I/O interface(s) 714 allow for input and output of data and/or information with other entities that may be connected to computing device 700. For example, I/O interface(s) 714 may provide a connection to external devices such as a keyboard, keypad, a touch screen, and/or any other suitable input device now known or hereafter developed. In some instances, external devices can also include portable computer readable (non-transitory) storage media such as database systems, thumb drives, portable optical or magnetic disks, and memory cards. In still some instances, external devices can be a mechanism to display data to a user, such as, for example, a computer monitor, a display screen, or the like.
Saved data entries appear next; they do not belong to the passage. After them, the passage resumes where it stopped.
lemma expectation_coupon_pmf_prod:
  fixes f :: "nat set \<Rightarrow> real"
  assumes "\<forall>i\<in>{1..m}. a i \<le> n" "\<And>T. 0 \<le> f T"
  shows "measure_pmf.expectation (coupon_pmf n m a) (\<lambda>S. \<Prod>i\<in>{1..m}. f (S i))
       = (\<Prod>i\<in>{1..m}. measure_pmf.expectation (pmf_of_set (k_subsets n (a i))) f)"
  unfolding coupon_pmf_def k_subsets_def[symmetric]
  using assms by (intro expectation_prod_Pi_pmf[where f = "\<lambda>_. f"])
    (auto intro!: integrable_measure_pmf_finite simp: finite_k_subsets k_subsets_nonempty)

definition common_prob1 :: "nat \<Rightarrow> (nat \<Rightarrow> nat) \<Rightarrow> nat set \<Rightarrow> real" where
  "common_prob1 n a A = (\<Prod>i\<in>A. real (a i) / real n)"

definition common_prob2 :: "nat \<Rightarrow> (nat \<Rightarrow> nat) \<Rightarrow> nat set \<Rightarrow> real" where
  "common_prob2 n a A = (\<Prod>i\<in>A. real (a i) * (real (a i) - 1) / (real n * (real n - 1)))"

definition common_var :: "nat \<Rightarrow> (nat \<Rightarrow> nat) \<Rightarrow> nat set \<Rightarrow> real" where
  "common_var n a A = real n * common_prob1 n a A + real n * (real n - 1) * common_prob2 n a A
                      - (real n)\<^sup>2 * (common_prob1 n a A)\<^sup>2"

lemma expectation_X_all:
  assumes "m \<ge> 1" "\<forall>i\<in>{1..m}. a i \<le> n"
  shows "measure_pmf.expectation (coupon_pmf n m a) (X_all m) = real n * common_prob1 n a {1..m}"
proof -
  let ?M = "coupon_pmf n m a"
  have "measure_pmf.expectation ?M (X_all m)
      = measure_pmf.expectation ?M (\<lambda>S. \<Sum>j<n. \<Prod>i\<in>{1..m}. of_bool (j \<in> S i))"
    using assms by (intro integral_cong_AE) (auto simp: AE_measure_pmf_iff X_all_coupon_pmf_eq_sum_indicators)
  also have "\<dots> = (\<Sum>j<n. measure_pmf.expectation ?M (\<lambda>S. \<Prod>i\<in>{1..m}. of_bool (j \<in> S i)))"
    using assms by (intro Bochner_Integration.integral_sum integrable_coupon_pmf)
  also have "\<dots> = (\<Sum>j<n. common_prob1 n a {1..m})"
    using assms unfolding common_prob1_def
    by (intro sum.cong refl, subst expectation_coupon_pmf_prod)
      (auto intro!: prod.cong simp: expectation_k_subsets_member)
  finally show ?thesis by simp
qed

lemma expectation_X_all_squared:
  assumes "m \<ge> 1" "\<forall>i\<in>{1..m}. a i \<le> n"
  shows "measure_pmf.expectation (coupon_pmf n m a) (\<lambda>S. (X_all m S)\<^sup>2)
       = real n * common_prob1 n a {1..m} + real n * (real n - 1) * common_prob2 n a {1..m}"
proof -
  let ?M = "coupon_pmf n m a"
  let ?E = "\<lambda>j l. measure_pmf.expectation ?M (\<lambda>S. \<Prod>i\<in>{1..m}. of_bool (j \<in> S i \<and> l \<in> S i))"
  have "measure_pmf.expectation ?M (\<lambda>S. (X_all m S)\<^sup>2)
      = measure_pmf.expectation ?M (\<lambda>S. \<Sum>j<n. \<Sum>l<n. \<Prod>i\<in>{1..m}. of_bool (j \<in> S i \<and> l \<in> S i))"
    using assms by (intro integral_cong_AE)
      (auto simp: AE_measure_pmf_iff X_all_coupon_pmf_eq_sum_indicators power2_eq_square sum_product
        prod.distrib[symmetric] of_bool_conj)
  also have "\<dots> = (\<Sum>j<n. \<Sum>l<n. ?E j l)"
    using assms by (simp add: Bochner_Integration.integral_sum integrable_coupon_pmf)
  also have "\<dots> = (\<Sum>j<n. \<Sum>l<n. common_prob2 n a {1..m}
                      + (if l = j then common_prob1 n a {1..m} - common_prob2 n a {1..m} else 0))"
    using assms unfolding common_prob1_def common_prob2_def
    by (intro sum.cong refl, subst expectation_coupon_pmf_prod)
      (auto intro!: prod.cong simp: expectation_k_subsets_member expectation_k_subsets_pair)
  also have "\<dots> = real n * common_prob1 n a {1..m} + real n * (real n - 1) * common_prob2 n a {1..m}"
    by (simp add: sum.distrib algebra_simps)
  finally show ?thesis .
qed

lemma coupon_var_eq_common_var:
  assumes "m \<ge> 1" "\<forall>i\<in>{1..m}. a i \<le> n"
  shows "coupon_var n m a = common_var n a {1..m}"
proof -
  have "coupon_var n m a = measure_pmf.expectation (coupon_pmf n m a) (\<lambda>S. (X_all m S)\<^sup>2)
                          - (measure_pmf.expectation (coupon_pmf n m a) (X_all m))\<^sup>2"
    unfolding coupon_var_def using assms by (intro measure_pmf.variance_eq integrable_coupon_pmf)
  then show ?thesis
    using assms by (simp add: expectation_X_all expectation_X_all_squared common_var_def power_mult_distrib)
qed

lemma common_var_remove:
  assumes "finite A" "k \<in> A" "n \<ge> 2"
  shows "common_var n a A
       = (real n)\<^sup>2 / (real n - 1) * (real (a k) / real n) * (1 - real (a k) / real n)
           * common_prob1 n a (A - {k}) * (1 - common_prob1 n a (A - {k}))
         + real (a k) * (real (a k) - 1) / (real n * (real n - 1)) * common_var n a (A - {k})"
proof -
  have P: "common_prob1 n a A = real (a k) / real n * common_prob1 n a (A - {k})"
    unfolding common_prob1_def using assms by (simp add: prod.remove)
  have Q: "common_prob2 n a A
         = real (a k) * (real (a k) - 1) / (real n * (real n - 1)) * common_prob2 n a (A - {k})"
    unfolding common_prob2_def using assms by (simp add: prod.remove)
  have identity: "x * (c / x * P) + x * y * (c * (c - 1) / (x * y) * Q) - x\<^sup>2 * (c / x * P)\<^sup>2
      = x\<^sup>2 / y * (c / x) * (1 - c / x) * P * (1 - P)
        + c * (c - 1) / (x * y) * (x * P + x * y * Q - x\<^sup>2 * P\<^sup>2)"
    if "y > 0" "x = y + 1" for x y c P Q :: real
  proof -
    have "x > 0" using that by simp
    have L: "x * (c / x * P) + x * y * (c * (c - 1) / (x * y) * Q) - x\<^sup>2 * (c / x * P)\<^sup>2
           = c * P + c * (c - 1) * Q - c\<^sup>2 * P\<^sup>2"
      using \<open>x > 0\<close> \<open>y > 0\<close> by (simp add: field_simps power2_eq_square)
    have R: "x\<^sup>2 / y * (c / x) * (1 - c / x) * P * (1 - P)
             + c * (c - 1) / (x * y) * (x * P + x * y * Q - x\<^sup>2 * P\<^sup>2)
           = (c * (x - c) * P * (1 - P) + c * (c - 1) * (P - x * P\<^sup>2)) / y + c * (c - 1) * Q"
      using \<open>x > 0\<close> \<open>y > 0\<close> by (simp add: field_simps power2_eq_square)
    have "c * (x - c) * P * (1 - P) + c * (c - 1) * (P - x * P\<^sup>2) = y * (c * P - c\<^sup>2 * P\<^sup>2)"
      using that by (simp add: algebra_simps power2_eq_square)
    then show ?thesis unfolding L R using that(1) by (simp add: field_simps)
  qed
  show ?thesis
    unfolding common_var_def P Q using assms by (intro identity) auto
qed

lemma common_prob1_nonneg: "0 \<le> common_prob1 n a A"
  unfolding common_prob1_def by (intro prod_nonneg) auto

lemma common_prob1_le_1: "\<forall>i\<in>A. a i \<le> n \<Longrightarrow> common_prob1 n a A \<le> 1"
  unfolding common_prob1_def by (auto intro!: prod_le_1 simp: divide_le_eq_1)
With respect to certain entities (e.g., client device, network device, network nodes, processors, network interfaces, switching devices, quantum nodes, etc.), computing device 700 may further include, or be coupled to, a speaker 722 to convey sound, microphone or other sound sensing device 724, camera or image capture device 726, a keypad or keyboard 728 to enter information (e.g., alphanumeric information, etc.), a touch screen or other display 730, quantum devices 740, optical devices 745, and/or enclave (or other secure computing environment) 750. Enclave 750 may reside within memory element(s) 704 or storage 706. These items may be coupled to bus 708 or I/O interface(s) 714 to transfer data with other elements of computing device 700. Quantum devices 740 may include any conventional or other devices to perform the functions described herein (e.g., generating, transmitting, receiving, entangling, and/or processing quantum signals and/or keys), such as a quantum source, quantum transmitters and receivers, quantum channels, a source of randomness, lasers or other energy sources, quantum measuring devices, quantum logic or other gates or circuits, quantum memories, quantum processors, quantum buffers, etc. Optical devices 745 may include any conventional or other optical devices to perform the functions described herein (e.g., generating, transmitting, receiving, and/or processing classical or other optical signals), such as optical switches, optical transmitters and receivers, optical multiplexers or other switching devices, etc.

In various embodiments, control logic 720 can include instructions that, when executed, cause processor(s) 702 to perform operations, which can include, but not be limited to, providing overall control operations of computing device 700; interacting with other entities, systems, etc. described herein; maintaining and/or interacting with stored data, information, parameters, etc. (e.g., memory element(s), storage, data structures, databases, tables, etc.); combinations thereof; and/or the like to facilitate various operations for embodiments described herein.

The programs described herein (e.g., control logic 720) may be identified based upon application(s) for which they are implemented in a specific embodiment. However, it should be appreciated that any particular program nomenclature herein is used merely for convenience; thus, embodiments herein should not be limited to use(s) solely described in any specific application(s) identified and/or implied by such nomenclature.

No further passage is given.